В это время дверь кухни распахнулась, как в плохом ситкоме. Вадим, с выражением лица «на работе сложнее», посмотрел на обеих женщин, будто забыл, кто они такие.

— Опять вы?

— А ты чего ждал? — огрызнулась Ирина. — Пикника с шашлыками?

Светлана Петровна обиженно вскинула руки.

— Я просто зашла! Принесла вещи, между прочим. Выбросили бы Вадика, как котёнка, если бы не я. Он ведь в детстве болел, Ирочка, у него же был бронхит, и я…

— Да прекратите! Бронхит в девяносто восьмом не оправдание влезать в его постель сегодня!

— Ира! — Вадим, наконец, поднял голос. — Ты переходишь границы!

— Я?! — она подошла к нему вплотную, — Ты видишь, что она делает? Или ты с ней уже в сговоре? Вас устраивает, что я в своём доме чувствую себя квартиранткой?

Он отступил, как от пощечины.

— Я просто не хочу ссор. Зачем всё усугублять? Она мать. Её выгнал брат, ей некуда идти!

— А нам, значит, есть? Мы теперь санаторий для невыносимых родственников?

— Не перегибай, Ира…

— Это ты перегибаешь — по чужому сценарию. Хочешь, я тебе напомню, как она прошлым летом чуть не выкинула мою собаку, потому что «ей тут не место, в квартире и так тесно»?

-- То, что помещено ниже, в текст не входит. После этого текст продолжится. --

text \<open>For a primitive root \<open>\<rho> = exp \<theta>\<close> the substitution \<open>u = t - \<theta>\<close> turns the summand of
  \<open>F\<^sub>j(s,t)\<close> into \<open>exp (s u) / \<Prod>(1 - exp (-d\<^sub>i u))\<close>. Multiplying each factor with
  \<open>j\<close> not dividing \<open>d\<^sub>i\<close> by the geometric sum \<open>\<Sum>r<j. exp (r d\<^sub>i u)\<close> replaces its denominator by
  \<open>exp (j d\<^sub>i u) - 1\<close>; all denominators are then invariant under \<open>u \<mapsto> u + \<theta>\<close>, so only the
  numerators see \<open>\<rho>\<close>, and summing over the primitive roots produces the prime circulators.
  What remains is \<open>t\<^sup>-\<^sup>m\<close> times a combination of generating functions of higher order
  Bernoulli polynomials for the tuple \<open>d\<^sup>m\<^sub>j\<close>, which are holomorphic at \<open>0\<close>, so the residue
  is their \<open>(m-1)\<close>-st Taylor coefficient.\<close>

definition scaled_degrees :: "nat \<Rightarrow> nat \<Rightarrow> (nat \<Rightarrow> nat) \<Rightarrow> nat \<Rightarrow> nat" where
  "scaled_degrees j k d i = (if i \<le> k then d i else j * d i)"

definition wave_argument :: "nat \<Rightarrow> nat \<Rightarrow> (nat \<Rightarrow> nat) \<Rightarrow> int \<Rightarrow> (nat \<Rightarrow> nat) \<Rightarrow> int" where
  "wave_argument m k d s r = s + int (\<Sum>i=1..m. d i) + int (\<Sum>i=k+1..m. r i * d i)"

lemma tendsto_exp_mult_minus_one_over:
  fixes a :: complex
  shows "((\<lambda>t. (exp (a * t) - 1) / t) \<longlongrightarrow> a) (at 0)"
proof -
  have "((\<lambda>t. exp (a * t)) has_field_derivative a) (at 0)"
    by (auto intro!: derivative_eq_intros)
  thus ?thesis by (simp add: has_field_derivative_iff)
qed

lemma eventually_exp_mult_neq_one:
  fixes a :: complex
  assumes "a \<noteq> 0"
  shows "eventually (\<lambda>t. exp (a * t) \<noteq> 1) (at 0)"
proof -
  have "eventually (\<lambda>t. (exp (a * t) - 1) / t \<noteq> 0) (at 0)"
    using tendsto_imp_eventually_ne[OF tendsto_exp_mult_minus_one_over assms] .
  thus ?thesis by (rule eventually_mono) auto
qed

lemma ber_gen_holomorphic_on:
  fixes e :: "nat \<Rightarrow> complex"
  assumes e0: "\<And>i. i \<in> {1..q} \<Longrightarrow> e i \<noteq> 0" and "open A"
    and ne: "\<And>t i. t \<in> A - {0} \<Longrightarrow> i \<in> {1..q} \<Longrightarrow> exp (e i * t) \<noteq> 1"
  shows "ber_gen q e x holomorphic_on A"
proof -
  define f where "f t = exp (x * t) * t ^ q * (\<Prod>i=1..q. e i) / (\<Prod>i=1..q. (exp (e i * t) - 1))"
    for t
  have holo: "f holomorphic_on A - {0}"
    unfolding f_def by (intro holomorphic_intros) (use ne in auto)
  have f_eq: "f t = exp (x * t) * (\<Prod>i=1..q. e i) / (\<Prod>i=1..q. (exp (e i * t) - 1) / t)"
    if "t \<noteq> 0" for t
    unfolding f_def prod_dividef using that by (simp add: field_simps)
  have "((\<lambda>t. exp (x * t) * (\<Prod>i=1..q. e i) / (\<Prod>i=1..q. (exp (e i * t) - 1) / t)) \<longlongrightarrow>
        exp (x * 0) * (\<Prod>i=1..q. e i) / (\<Prod>i=1..q. e i)) (at 0)"
    using e0 by (intro tendsto_intros tendsto_exp_mult_minus_one_over) auto
  hence "(f \<longlongrightarrow> 1) (at 0)"
    using e0 by (simp add: Lim_transform_eventually eventually_at_filter f_eq)
  moreover have "ber_gen q e x = (\<lambda>t. if t = 0 then 1 else f t)"
    by (simp add: fun_eq_iff ber_gen_def f_def)
  ultimately show ?thesis
    using removable_singularity[OF holo \<open>open A\<close>] by simp
qed

lemma higher_deriv_sum:
  fixes f :: "'i \<Rightarrow> complex \<Rightarrow> complex"
  assumes "finite I" "\<And>i. i \<in> I \<Longrightarrow> f i holomorphic_on A" "open A" "z \<in> A"
  shows "(deriv ^^ n) (\<lambda>w. \<Sum>i\<in>I. f i w) z = (\<Sum>i\<in>I. (deriv ^^ n) (f i) z)"
  using assms(1,2)
proof (induction I rule: finite_induct)
  case empty
  then show ?case by simp
next
  case (insert a I)
  have "(deriv ^^ n) (\<lambda>w. \<Sum>i\<in>insert a I. f i w) z
        = (deriv ^^ n) (\<lambda>w. f a w + (\<Sum>i\<in>I. f i w)) z"
    using insert by simp
  also have "\<dots> = (deriv ^^ n) (f a) z + (deriv ^^ n) (\<lambda>w. \<Sum>i\<in>I. f i w) z"
    using insert assms(3,4) by (intro higher_deriv_add) (auto intro!: holomorphic_on_sum)
  finally show ?case using insert by simp
qed

lemma residue_sum_over_power:
  fixes f :: "'i \<Rightarrow> complex \<Rightarrow> complex"
  assumes "finite I" "open A" "0 \<in> A" "\<And>i. i \<in> I \<Longrightarrow> f i holomorphic_on A"
  shows "residue (\<lambda>z. (\<Sum>i\<in>I. f i z) / z ^ Suc n) 0 = (\<Sum>i\<in>I. (deriv ^^ n) (f i) 0) / fact n"
proof -
  have "(\<lambda>z. \<Sum>i\<in>I. f i z) holomorphic_on A"
    using assms(4) by (rule holomorphic_on_sum)
  from residue_holomorphic_over_power'[OF assms(2,3) this]
  show ?thesis by (simp add: higher_deriv_sum[OF assms(1,4,2,3)])
qed

lemma inverse_one_minus_exp_neg_geometric:
  fixes z :: complex
  assumes "j \<ge> 1" "exp (of_nat j * z) \<noteq> 1"
  shows "1 / (1 - exp (- z)) = exp z * (\<Sum>r<j. exp (of_nat r * z)) / (exp (of_nat j * z) - 1)"
proof -
  define y where "y = exp z"
  have pow: "exp (of_nat n * z) = y ^ n" for n
    by (simp add: y_def exp_of_nat_mult)
  have "y \<noteq> 0" "y ^ j \<noteq> 1"
    using assms(2) by (auto simp: y_def pow)
  then have "y \<noteq> 1" by auto
  have "1 / (1 - exp (- z)) = y / (y - 1)"
    using \<open>y \<noteq> 0\<close> \<open>y \<noteq> 1\<close> by (simp add: y_def exp_minus field_simps)
  also have "\<dots> = y * ((y ^ j - 1) / (y - 1)) / (y ^ j - 1)"
    using \<open>y ^ j \<noteq> 1\<close> by simp
  also have "\<dots> = y * (\<Sum>r<j. y ^ r) / (y ^ j - 1)"
    by (simp add: geometric_sum[OF \<open>y \<noteq> 1\<close>])
  finally show ?thesis
    by (simp only: pow y_def)
qed

lemma exp_div_prod_one_minus_exp_expand:
  fixes u :: complex
  assumes "k \<le> m" "j \<ge> 1"
    and ne: "\<And>i. i \<in> {1..m} \<Longrightarrow> exp (of_nat (scaled_degrees j k d i) * u) \<noteq> 1"
  shows "exp (of_int s * u) / (\<Prod>i=1..m. (1 - exp (- of_nat (d i) * u))) =
    (\<Sum>r\<in>PiE {k+1..m} (\<lambda>_. {0..<j}). exp (of_int (wave_argument m k d s r) * u))
      / (\<Prod>i=1..m. (exp (of_nat (scaled_degrees j k d i) * u) - 1))"
proof -
  define M where "M i = (if i \<le> k then 1 else \<Sum>r<j. exp (of_nat r * (of_nat (d i) * u)))" for i
  have factor: "1 / (1 - exp (- of_nat (d i) * u))
      = exp (of_nat (d i) * u) * M i / (exp (of_nat (scaled_degrees j k d i) * u) - 1)"
    if "i \<in> {1..m}" for i
  proof (cases "i \<le> k")
    case True
    then show ?thesis
      using inverse_one_minus_exp_neg_geometric[of 1 "of_nat (d i) * u"] ne[OF that]
      by (simp add: M_def scaled_degrees_def)
  next
    case False
    then show ?thesis
      using inverse_one_minus_exp_neg_geometric[of j "of_nat (d i) * u"] ne[OF that] assms(2)
      by (simp add: M_def scaled_degrees_def mult.assoc)
  qed
  have "(\<Prod>i=1..m. M i) = (\<Prod>i=k+1..m. \<Sum>r\<in>{0..<j}. exp (of_nat r * (of_nat (d i) * u)))"
    by (subst prod.mono_neutral_right[of "{1..m}" "{k+1..m}"]) (auto simp: M_def atLeast0LessThan)
  also have "\<dots> = (\<Sum>r\<in>PiE {k+1..m} (\<lambda>_. {0..<j}).
      \<Prod>i=k+1..m. exp (of_nat (r i) * (of_nat (d i) * u)))"
    by (rule prod_sum_PiE) auto
  finally have M: "(\<Prod>i=1..m. M i) = (\<Sum>r\<in>PiE {k+1..m} (\<lambda>_. {0..<j}).
      exp (of_nat (\<Sum>i=k+1..m. r i * d i) * u))"
    by (simp add: exp_sum sum_distrib_right mult.assoc)
  have X: "exp (of_int (wave_argument m k d s r) * u)
      = exp (of_int s * u) * (\<Prod>i=1..m. exp (of_nat (d i) * u)) * exp (of_nat (\<Sum>i=k+1..m. r i * d i) * u)"
    for r
    by (simp add: wave_argument_def sum_distrib_right distrib_right exp_add exp_sum mult.assoc)
  have "exp (of_int s * u) / (\<Prod>i=1..m. (1 - exp (- of_nat (d i) * u)))
      = exp (of_int s * u) * (\<Prod>i=1..m. 1 / (1 - exp (- of_nat (d i) * u)))"
    by (simp add: prod_dividef)
  also have "\<dots> = exp (of_int s * u) * (\<Prod>i=1..m. exp (of_nat (d i) * u)) * (\<Prod>i=1..m. M i)
      / (\<Prod>i=1..m. (exp (of_nat (scaled_degrees j k d i) * u) - 1))"
    by (subst prod.cong[OF refl factor]) (simp_all add: prod_dividef prod.distrib)
  finally show ?thesis
    unfolding M X by (simp add: sum_distrib_left sum_divide_distrib mult.assoc)
qed

lemma exp_mult_shift_root_angle:
  fixes t :: complex
  assumes "j dvd c"
  shows "exp (of_nat c * (t - 2 * of_real pi * \<i> * of_nat n / of_nat j)) = exp (of_nat c * t)"
proof (cases "j = 0")
  case True
  with assms show ?thesis by simp
next
  case False
  from assms obtain q where "c = j * q" by blast
  with False have "of_nat c * (t - 2 * of_real pi * \<i> * of_nat n / of_nat j)
      = of_nat c * t + \<i> * (of_int (- int (q * n)) * (of_real pi * 2))"
    by (simp add: field_simps)
  then show ?thesis by (simp only: exp_plus_2pin)
qed

lemma sylF_summand_expansion:
  fixes t :: complex
  assumes "k \<le> m" "j \<ge> 1" and dvd: "\<forall>i\<in>{1..k}. j dvd d i"
    and ne: "\<And>i. i \<in> {1..m} \<Longrightarrow> exp (of_nat (scaled_degrees j k d i) * t) \<noteq> 1"
  shows "root_of j n powi (- s) * exp (of_int s * t) /
      (\<Prod>i=1..m. (1 - root_of j n ^ d i * exp (- of_nat (d i) * t))) =
    (\<Sum>r\<in>PiE {k+1..m} (\<lambda>_. {0..<j}).
       root_of j n powi (- wave_argument m k d s r) * exp (of_int (wave_argument m k d s r) * t))
      / (\<Prod>i=1..m. (exp (of_nat (scaled_degrees j k d i) * t) - 1))"
proof -
  define \<theta> where "\<theta> = 2 * of_real pi * \<i> * of_nat n / (of_nat j :: complex)"
  have root: "root_of j n powi x = exp (of_int x * \<theta>)" for x
    unfolding root_of_def \<theta>_def [symmetric] by (rule exp_power_int)
  have root_pow: "root_of j n ^ l = exp (of_nat l * \<theta>)" for l
    unfolding root_of_def \<theta>_def [symmetric] by (rule exp_of_nat_mult [symmetric])
  have shift: "exp (of_nat (scaled_degrees j k d i) * (t - \<theta>))
      = exp (of_nat (scaled_degrees j k d i) * t)" if "i \<in> {1..m}" for i
    unfolding \<theta>_def using that dvd
    by (intro exp_mult_shift_root_angle) (auto simp: scaled_degrees_def)
  have "root_of j n powi (- s) * exp (of_int s * t) /
      (\<Prod>i=1..m. (1 - root_of j n ^ d i * exp (- of_nat (d i) * t)))
      = exp (of_int s * (t - \<theta>)) / (\<Prod>i=1..m. (1 - exp (- of_nat (d i) * (t - \<theta>))))"
    unfolding root root_pow by (simp add: algebra_simps flip: exp_add)
  also have "\<dots> = (\<Sum>r\<in>PiE {k+1..m} (\<lambda>_. {0..<j}). exp (of_int (wave_argument m k d s r) * (t - \<theta>)))
      / (\<Prod>i=1..m. (exp (of_nat (scaled_degrees j k d i) * (t - \<theta>)) - 1))"
    using assms(1,2) by (rule exp_div_prod_one_minus_exp_expand) (simp add: shift ne)
  also have "\<dots> = (\<Sum>r\<in>PiE {k+1..m} (\<lambda>_. {0..<j}).
       root_of j n powi (- wave_argument m k d s r) * exp (of_int (wave_argument m k d s r) * t))
      / (\<Prod>i=1..m. (exp (of_nat (scaled_degrees j k d i) * t) - 1))"
  proof -
    have "(\<Prod>i=1..m. (exp (of_nat (scaled_degrees j k d i) * (t - \<theta>)) - 1))
        = (\<Prod>i=1..m. (exp (of_nat (scaled_degrees j k d i) * t) - 1))"
      by (rule prod.cong) (simp_all add: shift)
    moreover have "exp (of_int x * (t - \<theta>)) = root_of j n powi (- x) * exp (of_int x * t)" for x
      unfolding root by (simp add: algebra_simps flip: exp_add)
    ultimately show ?thesis by simp
  qed
  finally show ?thesis .
qed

Светлана надменно вскинула голову.

— Собака была бешеная, лаяла по ночам, как ненормальная. Я ради всех старалась.

— А ничего, что это был щенок? И что ты тогда же порезала мои цветы на лоджии, потому что «всё равно какие-то вялые»?

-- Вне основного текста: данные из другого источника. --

(* For every fixed $n\ge1$, the function $f(x)=\mu(N_n(x)\ge1)$, $x\in\mathbb{N}$, is non-increasing in $x$.
   Context: $\mu$ is the Gauss measure on $(0,1)$, $d\mu(\omega)=\frac{d\omega}{(\log 2)(1+\omega)}$. For irrational $\omega\in(0,1)$, $a_i(\omega)$ denote its continued fraction partial quotients, and $N_n(x)=N_n(x,\omega)=\#\{1\le i\le n: a_i(\omega)=x\}$. *)

theory Defs
  imports "HOL-Analysis.Analysis"
begin

definition gauss_measure :: "real measure" where
  "gauss_measure = density lborel
     (\<lambda>w. ennreal (indicator {0<..<1} w / (ln 2 * (1 + w))))"

definition gauss_map :: "real \<Rightarrow> real" where
  "gauss_map w = frac (1 / w)"

definition cf_digit :: "nat \<Rightarrow> real \<Rightarrow> nat" where
  "cf_digit i w = nat \<lfloor>1 / (gauss_map ^^ (i - 1)) w\<rfloor>"

definition N_count :: "nat \<Rightarrow> nat \<Rightarrow> real \<Rightarrow> nat" where
  "N_count n x w = card {i \<in> {1..n}. cf_digit i w = x}"

end

theory Submission
  imports Defs
begin

text \<open>
  A density of the form \<open>1 / ((p w + q) (r w + s))\<close> is pulled back by the inverse branch
  \<open>t \<mapsto> 1 / (b + t)\<close> of the Gauss map to a density of the same form in \<open>t\<close>,
  which decreases as \<open>b\<close> grows; the Gauss density is the case \<open>(0, ln 2, 1, 1)\<close>.
  Splitting the event ``\<open>z\<close> occurs among the first \<open>n + 1\<close> digits'' according to the first
  digit \<open>b\<close> gives the integral of the full density on the branch \<open>b = z\<close> and the integral of
  the pulled-back density over ``\<open>z\<close> occurs among \<open>n\<close> digits'' on every other branch.
  For \<open>x \<le> y\<close>, the induction hypothesis replaces \<open>y\<close> by \<open>x\<close> on every branch \<open>b \<noteq> y\<close>;
  what remains is to exchange the roles of the branches \<open>x\<close> and \<open>y\<close>, and this can only
  increase the total because the full density exceeds the restricted one by the density
  of the complementary event, which is larger on the branch \<open>x\<close> than on the branch \<open>y\<close>.
\<close>

definition irrationals_01 :: "real set" where
  "irrationals_01 = {0<..<1} - \<rat>"

lemma irrationals_01_iff: "w \<in> irrationals_01 \<longleftrightarrow> 0 < w \<and> w < 1 \<and> w \<notin> \<rat>"
  by (auto simp: irrationals_01_def)

lemma irrationals_01_sets [measurable]: "irrationals_01 \<in> sets borel"
proof -
  have "\<rat> \<in> sets (borel :: real measure)"
    by (rule sets.countable) (auto simp: countable_rat)
  then show ?thesis unfolding irrationals_01_def by auto
qed

lemma Rats_one_divide_iff: "1 / (x::real) \<in> \<rat> \<longleftrightarrow> x \<in> \<rat>"
  using Rats_inverse_iff[of x] by (simp add: inverse_eq_divide)

fun digit_occurs :: "nat \<Rightarrow> nat \<Rightarrow> real \<Rightarrow> bool" where
  "digit_occurs 0 z w = False"
| "digit_occurs (Suc n) z w = (nat \<lfloor>1 / w\<rfloor> = z \<or> digit_occurs n z (gauss_map w))"

lemma cf_digit_Suc: "i \<ge> 1 \<Longrightarrow> cf_digit (Suc i) w = cf_digit i (gauss_map w)"
  unfolding cf_digit_def by (metis Suc_diff_le diff_Suc_1 funpow_Suc_right o_apply)

lemma digit_occurs_iff: "digit_occurs n z w \<longleftrightarrow> (\<exists>i\<in>{1..n}. cf_digit i w = z)"
proof (induction n arbitrary: w)
  case 0
  then show ?case by simp
next
  case (Suc n)
  have "{1..Suc n} = insert 1 (Suc ` {1..n})"
    by (simp add: Icc_eq_insert_lb_nat image_Suc_atLeastAtMost)
  then have "(\<exists>i\<in>{1..Suc n}. cf_digit i w = z)
      \<longleftrightarrow> cf_digit 1 w = z \<or> (\<exists>i\<in>{1..n}. cf_digit (Suc i) w = z)"
    by (simp only:) blast
  also have "\<dots> \<longleftrightarrow> nat \<lfloor>1 / w\<rfloor> = z \<or> (\<exists>i\<in>{1..n}. cf_digit i (gauss_map w) = z)"
    by (simp add: cf_digit_Suc) (simp add: cf_digit_def)
  finally show ?case using Suc by simp
qed

lemma N_count_ge_1_iff: "N_count n z w \<ge> 1 \<longleftrightarrow> digit_occurs n z w"
  unfolding N_count_def digit_occurs_iff by (auto simp: Suc_le_eq card_gt_0_iff)

lemma gauss_map_measurable [measurable]: "gauss_map \<in> borel_measurable borel"
  unfolding gauss_map_def frac_def by measurable

lemma digit_occurs_sets [measurable]: "{w. digit_occurs n z w} \<in> sets borel"
proof (induction n)
  case 0
  then show ?case by simp
next
  case (Suc n)
  have "{w. digit_occurs (Suc n) z w} = {w. nat \<lfloor>1 / w\<rfloor> = z} \<union> gauss_map -` {w. digit_occurs n z w}"
    by auto
  moreover have "gauss_map -` {w. digit_occurs n z w} \<in> sets borel"
    using measurable_sets_borel[OF gauss_map_measurable Suc] by simp
  ultimately show ?case by simp
qed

— Да они были страшные! Как трава у подъезда!

Раздался звон — Ирина роняла чашку. Не от рук, а от себя. Потому что слов уже не хватало. Всё внутри кипело, как кастрюля с борщом без крышки. И запах был тот же — удушливый, старый, накипевший.

Вадим потянулся к метле.

— Я уберу…

— Нет, — голос Ирины сорвался. — Ты не уберёшь. Ни чашку, ни нас. Ты вообще ничего не убираешь. Ты — просто наблюдаешь. Как твоя мама вторгается в мой шкаф, в мою душу, в мою жизнь, а ты стоишь в дверях и гладишь по спинке стул.

— Ну что ты хочешь? Чтобы я её выгнал?

Она подняла на него глаза. В них была усталость. И ледяное одиночество.

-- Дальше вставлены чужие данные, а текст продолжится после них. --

section \<open>Quadratic forms controlled on a grid\<close>

definition grid :: "nat \<Rightarrow> (nat \<Rightarrow> int) set" where
  "grid N = PiE {..<N} (\<lambda>_. {-(16 * int N)..16 * int N})"

definition grid_vec :: "nat \<Rightarrow> (nat \<Rightarrow> int) \<Rightarrow> nat \<Rightarrow> real" where
  "grid_vec N k i = real_of_int (k i) / (16 * real N)"

lemma finite_grid: "finite (grid N)"
  by (simp add: grid_def finite_PiE)

lemma card_grid: "card (grid N) = (32 * N + 1) ^ N"
proof -
  have "card {-(16 * int N)..16 * int N} = 32 * N + 1" by simp
  then show ?thesis by (simp add: grid_def card_PiE)
qed

lemma grid_approx:
  assumes N: "0 < N" and u: "(\<Sum>i<N. (u i)\<^sup>2) = 1"
  shows "\<exists>k\<in>grid N. (\<Sum>i<N. (u i - grid_vec N k i)\<^sup>2) \<le> 1 / (1024 * real N)"
proof -
  define k where "k = restrict (\<lambda>i. round (u i * (16 * real N))) {..<N}"
  have round: "\<bar>real_of_int (k i) - u i * (16 * real N)\<bar> \<le> 1/2" if "i < N" for i
    using that of_int_round_abs_le by (simp add: k_def)
  have k_grid: "k \<in> grid N"
  proof -
    have "k i \<in> {-(16 * int N)..16 * int N}" if i: "i < N" for i
    proof -
      have "(u i)\<^sup>2 \<le> 1\<^sup>2" using u member_le_sum[of i "{..<N}" "\<lambda>i. (u i)\<^sup>2"] i by simp
      then have "\<bar>u i\<bar> \<le> 1" by (metis abs_le_square_iff abs_one)
      then have "\<bar>u i\<bar> * (16 * real N) \<le> 1 * (16 * real N)"
        by (intro mult_right_mono) auto
      then have "\<bar>u i * (16 * real N)\<bar> \<le> 16 * real N" by (simp add: abs_mult)
      then have "\<bar>real_of_int (k i)\<bar> < 16 * real N + 1" using round[OF i] by linarith
      then have "\<bar>k i\<bar> < 16 * int N + 1" by linarith
      then show ?thesis by (simp add: abs_le_iff)
    qed
    then show ?thesis by (auto simp: grid_def k_def PiE_def extensional_def)
  qed
  have "\<bar>u i - grid_vec N k i\<bar> \<le> 1 / (32 * real N)" if "i < N" for i
    using round[OF that] N
    by (simp add: grid_vec_def field_simps abs_minus_commute flip: abs_mult)
  then have "(\<Sum>i<N. (u i - grid_vec N k i)\<^sup>2) \<le> (\<Sum>i<N. (1 / (32 * real N))\<^sup>2)"
    by (intro sum_mono) (simp add: abs_le_square_iff[symmetric] abs_le_iff)
  also have "\<dots> = 1 / (1024 * real N)" using N by (simp add: power2_eq_square field_simps)
  finally show ?thesis using k_grid by blast
qed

— Да. Хочу. Чтобы ты, наконец, выбрал. Потому что мне больше нечего отступать.

Молчание. Длинное. Тяжёлое, как старая зимняя шуба, которая давит плечи и пахнет нафталином.

Светлана Петровна поднялась с табурета. Подошла к сыну.

— Вадимушка, ты же знаешь, что у тебя всегда есть я. Жены приходят и уходят, а мать — одна. Помни это.

— Браво, — прошептала Ирина. — Финальный аккорд. Аплодисменты. Вот только знайте: в этой пьесе я больше не играю.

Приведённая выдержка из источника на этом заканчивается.